Berivan Güngör: Hanği okuyucu kitlesini hedefleyerek yazdınız bu kitabı?
Ben Mustafa Özenç‘ i kendi kuşağımızı (iç savaş kuşağı) hedefleyerek yazmadım; benim kendi kuşağıma vereceğim çok şey yok, (aslında varda yok diyelim) onlarında benden alacağı bir şey yok (aslında varda, yok diyelim). Ben bu çalışmayı 12 Eylül kuşağına ve 12 Eylülü takip edecek kuşakları düşünerek yazdım. Özenç‘ i, yani Özenç şahsında devrimcileri bu kuşağa tanıtmak, anlatmak istedim. Güzel insanları, anlamlıca yaşayan insanları yaşatmanın yolu destan gibi nesillere aktarmak, dilden dile akıtmak gerekiyor.
Berivan Güngör: Kürt kökenli olduğunuzu söylediniz. Kürt sorunun çözümsüzlüğü hakkında ne diyeceksiniz? Bu savaş nasıl sonlanacak, barış neden sağlanamıyor?
Söylenmesi gerekenler söyleniyor zaten, faylasıyla söyleniyor. Çözüm belli aslında. Çözümün yolunu herkes biliyor. Ama uygulanmıyor. Savaş isteniyor. Kürtler açık ve net olarak barış istiyor ve bu istemlerinde de çok samimiler. Kürtlerin hareketi olan PKK hiç bu kadar barışa yakın değildi. Bu savaşın bitmesini içtenlikle istiyor, bu istemleri içinde çok samimi adımlar atıyor.
Berivan Güngör: Neden savaş isteniyor?
Bu çok açık. Savaş biterse, Kürt sorunu çözülürse, işsizlik, yoksulluk, hayat pahalılığı ön plana çıkacak. Ulusal mücadelenin yerini sınıfsal mücadele alacak, Bu kapitalistler için çok büyük bir tehlike. Düşünsenize Kürtler, Türkler, Lazlar, Araplar, Ermeniler, Çerkezler…birlikte sokaklara döküldüğünü, işsizliği, zamları, zulümleri proteste ettiğini? Yine düşünsenize çoğunluk olan iyilerin azınlık olan örgütlü kötülere karşı örgütlenmeye başladığını? Halkların kapitalizme karşı ortak çıkarları ve talepleri etrafında örgütlenmeye başlaması kapitalistlerin istemediği bir şey. Kürt sorunuyla kitleleri terörize ediyor, milliyetçiliği yükseltiyor. Şehitlik duyarlılığını öne çıkartarak insanları sokaklara döküyorlar ve böylece İMF‘ nin direktifleri doğrultusunda alınan ekonomik kararları hiç zorlanmadan, hiç başları ağrımadan uygulamaya sokuyorlar; istedikleri zammı yapıyorlar, işsizliği artırabiliyorlar; yapılan yolsuzlukları gizleyebiliyorlar, kendi zenginlerini yaratıyorlar.Böyelece artarak büyüyen yoksuluğun üstü örtülüyor, tartışmadan uzaklaştırılıyor, gündem dışı bırakılıyor. Bu arada üç beş asker ölmüş kimin umrunda?

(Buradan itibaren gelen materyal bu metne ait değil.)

lemma Rep_ftwist: "Rep_fcell (ftwist i a c) =
    (if getc i (fst (Rep_fcell c)) = a
     then (rot i (fst (Rep_fcell c)), rot_axis i (snd (Rep_fcell c))) else Rep_fcell c)"
  using Abs_fcell_inverse[OF rot_edged_cells] Rep_fcell[of c]
  by (auto simp: ftwist_def split: prod.split)

lemma finite_invariant_key_etwist: "finite_invariant_key etwist (\<lambda>c. abs_coords (Rep_ecell c))"
  unfolding finite_invariant_key_def
proof (intro conjI allI)
  show "bij (etwist i a)" for i and a :: "'l coord"
    by (rule bij_if_iterate_4_id) (simp add: Rep_ecell_inject[symmetric] Rep_etwist rot_iterate_4)
  show "finite {d. abs_coords (Rep_ecell d) = abs_coords (Rep_ecell c)}" for c :: "'l ecell"
    using finite_vimageI[OF finite_same_abs_coords, of Rep_ecell]
    by (simp add: inj_def Rep_ecell_inject)
qed (simp add: Rep_etwist)

lemma finite_invariant_key_ftwist:
  "finite_invariant_key ftwist (\<lambda>c. abs_coords (fst (Rep_fcell c)))"
  unfolding finite_invariant_key_def
proof (intro conjI allI)
  show "bij (ftwist i a :: 'l fcell \<Rightarrow> 'l fcell)" for i and a :: "'l coord"
    by (rule bij_if_iterate_4_id)
      (simp add: Rep_fcell_inject[symmetric] Rep_ftwist rot_iterate_4 rot_axis_iterate_4)
  have "finite (UNIV :: axis set)"
    by (rule finite_subset[of _ "{AX, AY, AZ}"]) (use axis.exhaust in blast, simp)
  show "finite {d. abs_coords (fst (Rep_fcell d)) = abs_coords (fst (Rep_fcell c))}"
    for c :: "'l fcell"
  proof -
    let ?P = "{p. abs_coords p = abs_coords (fst (Rep_fcell c))}"
    have "{d. abs_coords (fst (Rep_fcell d)) = abs_coords (fst (Rep_fcell c))}
        = Rep_fcell -` (?P \<times> UNIV)"
      by (simp add: set_eq_iff mem_Times_iff)
    moreover have "inj Rep_fcell" by (simp add: inj_def Rep_fcell_inject)
    ultimately show ?thesis
      using finite_vimageI[OF finite_cartesian_product[OF finite_same_abs_coords
          \<open>finite (UNIV :: axis set)\<close>]]
      by metis
  qed
qed (simp add: Rep_ftwist)

theorem lemma3p7:
  fixes sig :: "'o1::wellorder \<Rightarrow> 'l btwist" and th :: 'o1
    and tau :: "'o2::wellorder \<Rightarrow> 'l btwist" and th' :: 'o2
  assumes "infinite (UNIV :: 'l set)"
  shows "(univ_convergent (etwist :: axis \<Rightarrow> 'l coord \<Rightarrow> 'l ecell \<Rightarrow> 'l ecell) sig th
            \<and> seq_equiv etwist sig th tau th'
            \<longrightarrow> univ_convergent etwist tau th')
       \<and> (univ_convergent (ftwist :: axis \<Rightarrow> 'l coord \<Rightarrow> 'l fcell \<Rightarrow> 'l fcell) sig th
            \<and> seq_equiv ftwist sig th tau th'
            \<longrightarrow> univ_convergent ftwist tau th')"
  using univ_convergent_if_seq_equiv[OF finite_invariant_key_etwist]
    univ_convergent_if_seq_equiv[OF finite_invariant_key_ftwist]
  by blast

end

Berivan Güngör: İsviçrede kendinizi sanatsal anlamda ifade edebilceğiniz ortamlar var mı?
Doğrusunu isterseniz sanatsal ortamlara özlem duyuyorum. Okuduğum bir kitabı paylaşacak, üzerinde yorumlar yapacak birilerini bulmak çok güç. Hatta insani anlamda yanında ağlıyacağın bir arkadaşı bulmak imkansız gibi. Sanırım kapitalizmde bu olsa gerek. İnsan buğday yada darı tanesiyken un gibi etmek, küçük parçalara bölmek, böylece zayıflatmak, güçsüzleştirmek , duyarlılıklarını almak, tepkilerini törpülemek ve kendine yabancılaştırmak, yani bireyselleştirmek. Kapitalizmin yasalarının en iyi işlediği ülkelerden biride İsviçre olduğunu düşünürsek bireyselleşmeyi ve sadece para kazanmayı önceliğine alan kişilerin un gibi öğütülmesi kaçınılmazlaşıyor.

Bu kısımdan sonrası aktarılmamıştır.